lemma uc_oedge_slide:
  assumes "spans_square V E src tgt n x z"
  shows "uc_oedge V E src tgt n (fst x, uc_target src tgt z)"
proof -
  have x: "uc_oedge V E src tgt n x" and z: "uc_oedge V E src tgt n z" and "snd x = snd z"
    using assms by (auto simp: spans_square_def)
  have "org src tgt (fst x) \<noteq> org src tgt (fst z)" and "ter src tgt (fst x) \<noteq> ter src tgt (fst z)"
    using spans_square_endpoints_disjoint[OF assms] by blast+
  moreover have "uc_vertex V n (uc_target src tgt z)"
    using uc_oedge_uc_inv[OF z] by (simp add: uc_oedge_def uc_inv_def)
  ultimately show ?thesis
    using x \<open>snd x = snd z\<close> by (simp add: uc_oedge_def uc_target_def)
qed

lemma square_parallel_uc_oedge:
  assumes "square_parallel V E src tgt n x y"
  shows "uc_oedge V E src tgt n x" and "uc_oedge V E src tgt n y"
proof -
  obtain z where "spans_square V E src tgt n x z" and "y = (fst x, uc_target src tgt z)"
    using assms by (auto simp: square_parallel_def)
  then show "uc_oedge V E src tgt n x" and "uc_oedge V E src tgt n y"
    using uc_oedge_slide by (auto simp: spans_square_def)
qed

lemma hyp_rel_uc_oedge:
  "hyp_rel V E src tgt n x y \<Longrightarrow> uc_oedge V E src tgt n x \<Longrightarrow> uc_oedge V E src tgt n y"
  unfolding hyp_rel_def
  by (induction rule: rtranclp_induct) (auto dest: square_parallel_uc_oedge)

text \<open>
  For x = (a,S) and z = (b,S), the same square is spanned at S.a by the inverse of x and
  z' = (b, S.a), and the inverse of the side opposite to x is the side opposite to the inverse
  of x.
\<close>

lemma square_parallel_uc_inv:
  assumes "square_parallel V E src tgt n x y"
  shows "square_parallel V E src tgt n (uc_inv src tgt x) (uc_inv src tgt y)"
proof -
  obtain z where square: "spans_square V E src tgt n x z"
    and y: "y = (fst x, uc_target src tgt z)"
    using assms by (auto simp: square_parallel_def)
  have x: "uc_oedge V E src tgt n x" and same_origin: "snd x = snd z"
    using square by (auto simp: spans_square_def)
  note disjoint = spans_square_endpoints_disjoint[OF square]
  define z' where "z' = (fst z, uc_target src tgt x)"
  have "uc_oedge V E src tgt n z'"
    unfolding z'_def using spans_square_sym[OF square] by (rule uc_oedge_slide)
  with uc_oedge_uc_inv[OF x] square
  have "spans_square V E src tgt n (uc_inv src tgt x) z'"
    by (auto simp: spans_square_def uc_inv_def z'_def)
  moreover have "uc_target src tgt y = uc_target src tgt z'"
    using disjoint by (auto simp: y z'_def uc_target_def same_origin)
  then have "uc_inv src tgt y = (fst (uc_inv src tgt x), uc_target src tgt z')"
    by (simp add: uc_inv_def y)
  ultimately show ?thesis
    unfolding square_parallel_def by blast
qed

lemma hyp_rel_uc_inv:
  "hyp_rel V E src tgt n x y \<Longrightarrow> hyp_rel V E src tgt n (uc_inv src tgt x) (uc_inv src tgt y)"
  unfolding hyp_rel_def
proof (induction rule: rtranclp_induct)
  case (step y w)
  then show ?case
    by (auto intro: rtranclp.rtrancl_into_rtrancl dest: square_parallel_uc_inv)
qed simp

lemma hyp_inv_hyp_class:
  assumes x: "uc_oedge V E src tgt n x"
  shows "hyp_inv src tgt (hyp_class V E src tgt n x) = hyp_class V E src tgt n (uc_inv src tgt x)"
proof (intro equalityI subsetI)
  fix w
  assume "w \<in> hyp_inv src tgt (hyp_class V E src tgt n x)"
  then show "w \<in> hyp_class V E src tgt n (uc_inv src tgt x)"
    by (auto simp: hyp_inv_def hyp_class_def hyp_rel_uc_inv)
next
  fix w
  assume "w \<in> hyp_class V E src tgt n (uc_inv src tgt x)"
  then have rel: "hyp_rel V E src tgt n (uc_inv src tgt x) w"
    by (simp add: hyp_class_def)
  then have "uc_oedge V E src tgt n w"
    using hyp_rel_uc_oedge uc_oedge_uc_inv[OF x] by blast
  then have "w = uc_inv src tgt (uc_inv src tgt w)"
    by (simp add: uc_inv_uc_inv)
  moreover have "hyp_rel V E src tgt n x (uc_inv src tgt w)"
    using hyp_rel_uc_inv[OF rel] by (simp add: uc_inv_uc_inv[OF x])
  ultimately show "w \<in> hyp_inv src tgt (hyp_class V E src tgt n x)"
    by (auto simp: hyp_inv_def hyp_class_def)
qed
★ ★ ★ ★ ★ ★ ★
■ WHAT YOU ARE ASKED TO DO
Set the data down again in full, exactly as given.

■ ANSWER FOR THE TASK
lemma uc_oedge_slide:
  assumes "spans_square V E src tgt n x z"
  shows "uc_oedge V E src tgt n (fst x, uc_target src tgt z)"
proof -
  have x: "uc_oedge V E src tgt n x" and z: "uc_oedge V E src tgt n z" and "snd x = snd z"
    using assms by (auto simp: spans_square_def)
  have "org src tgt (fst x) \<noteq> org src tgt (fst z)" and "ter src tgt (fst x) \<noteq> ter src tgt (fst z)"
    using spans_square_endpoints_disjoint[OF assms] by blast+
  moreover have "uc_vertex V n (uc_target src tgt z)"
    using uc_oedge_uc_inv[OF z] by (simp add: uc_oedge_def uc_inv_def)
  ultimately show ?thesis
    using x \<open>snd x = snd z\<close> by (simp add: uc_oedge_def uc_target_def)
qed

lemma square_parallel_uc_oedge:
  assumes "square_parallel V E src tgt n x y"
  shows "uc_oedge V E src tgt n x" and "uc_oedge V E src tgt n y"
proof -
  obtain z where "spans_square V E src tgt n x z" and "y = (fst x, uc_target src tgt z)"
    using assms by (auto simp: square_parallel_def)
  then show "uc_oedge V E src tgt n x" and "uc_oedge V E src tgt n y"
    using uc_oedge_slide by (auto simp: spans_square_def)
qed

lemma hyp_rel_uc_oedge:
  "hyp_rel V E src tgt n x y \<Longrightarrow> uc_oedge V E src tgt n x \<Longrightarrow> uc_oedge V E src tgt n y"
  unfolding hyp_rel_def
  by (induction rule: rtranclp_induct) (auto dest: square_parallel_uc_oedge)

text \<open>
  For x = (a,S) and z = (b,S), the same square is spanned at S.a by the inverse of x and
  z' = (b, S.a), and the inverse of the side opposite to x is the side opposite to the inverse
  of x.
\<close>

lemma square_parallel_uc_inv:
  assumes "square_parallel V E src tgt n x y"
  shows "square_parallel V E src tgt n (uc_inv src tgt x) (uc_inv src tgt y)"
proof -
  obtain z where square: "spans_square V E src tgt n x z"
    and y: "y = (fst x, uc_target src tgt z)"
    using assms by (auto simp: square_parallel_def)
  have x: "uc_oedge V E src tgt n x" and same_origin: "snd x = snd z"
    using square by (auto simp: spans_square_def)
  note disjoint = spans_square_endpoints_disjoint[OF square]
  define z' where "z' = (fst z, uc_target src tgt x)"
  have "uc_oedge V E src tgt n z'"
    unfolding z'_def using spans_square_sym[OF square] by (rule uc_oedge_slide)
  with uc_oedge_uc_inv[OF x] square
  have "spans_square V E src tgt n (uc_inv src tgt x) z'"
    by (auto simp: spans_square_def uc_inv_def z'_def)
  moreover have "uc_target src tgt y = uc_target src tgt z'"
    using disjoint by (auto simp: y z'_def uc_target_def same_origin)
  then have "uc_inv src tgt y = (fst (uc_inv src tgt x), uc_target src tgt z')"
    by (simp add: uc_inv_def y)
  ultimately show ?thesis
    unfolding square_parallel_def by blast
qed

lemma hyp_rel_uc_inv:
  "hyp_rel V E src tgt n x y \<Longrightarrow> hyp_rel V E src tgt n (uc_inv src tgt x) (uc_inv src tgt y)"
  unfolding hyp_rel_def
proof (induction rule: rtranclp_induct)
  case (step y w)
  then show ?case
    by (auto intro: rtranclp.rtrancl_into_rtrancl dest: square_parallel_uc_inv)
qed simp

lemma hyp_inv_hyp_class:
  assumes x: "uc_oedge V E src tgt n x"
  shows "hyp_inv src tgt (hyp_class V E src tgt n x) = hyp_class V E src tgt n (uc_inv src tgt x)"
proof (intro equalityI subsetI)
  fix w
  assume "w \<in> hyp_inv src tgt (hyp_class V E src tgt n x)"
  then show "w \<in> hyp_class V E src tgt n (uc_inv src tgt x)"
    by (auto simp: hyp_inv_def hyp_class_def hyp_rel_uc_inv)
next
  fix w
  assume "w \<in> hyp_class V E src tgt n (uc_inv src tgt x)"
  then have rel: "hyp_rel V E src tgt n (uc_inv src tgt x) w"
    by (simp add: hyp_class_def)
  then have "uc_oedge V E src tgt n w"
    using hyp_rel_uc_oedge uc_oedge_uc_inv[OF x] by blast
  then have "w = uc_inv src tgt (uc_inv src tgt w)"
    by (simp add: uc_inv_uc_inv)
  moreover have "hyp_rel V E src tgt n x (uc_inv src tgt w)"
    using hyp_rel_uc_inv[OF rel] by (simp add: uc_inv_uc_inv[OF x])
  ultimately show "w \<in> hyp_inv src tgt (hyp_class V E src tgt n x)"
    by (auto simp: hyp_inv_def hyp_class_def)
qed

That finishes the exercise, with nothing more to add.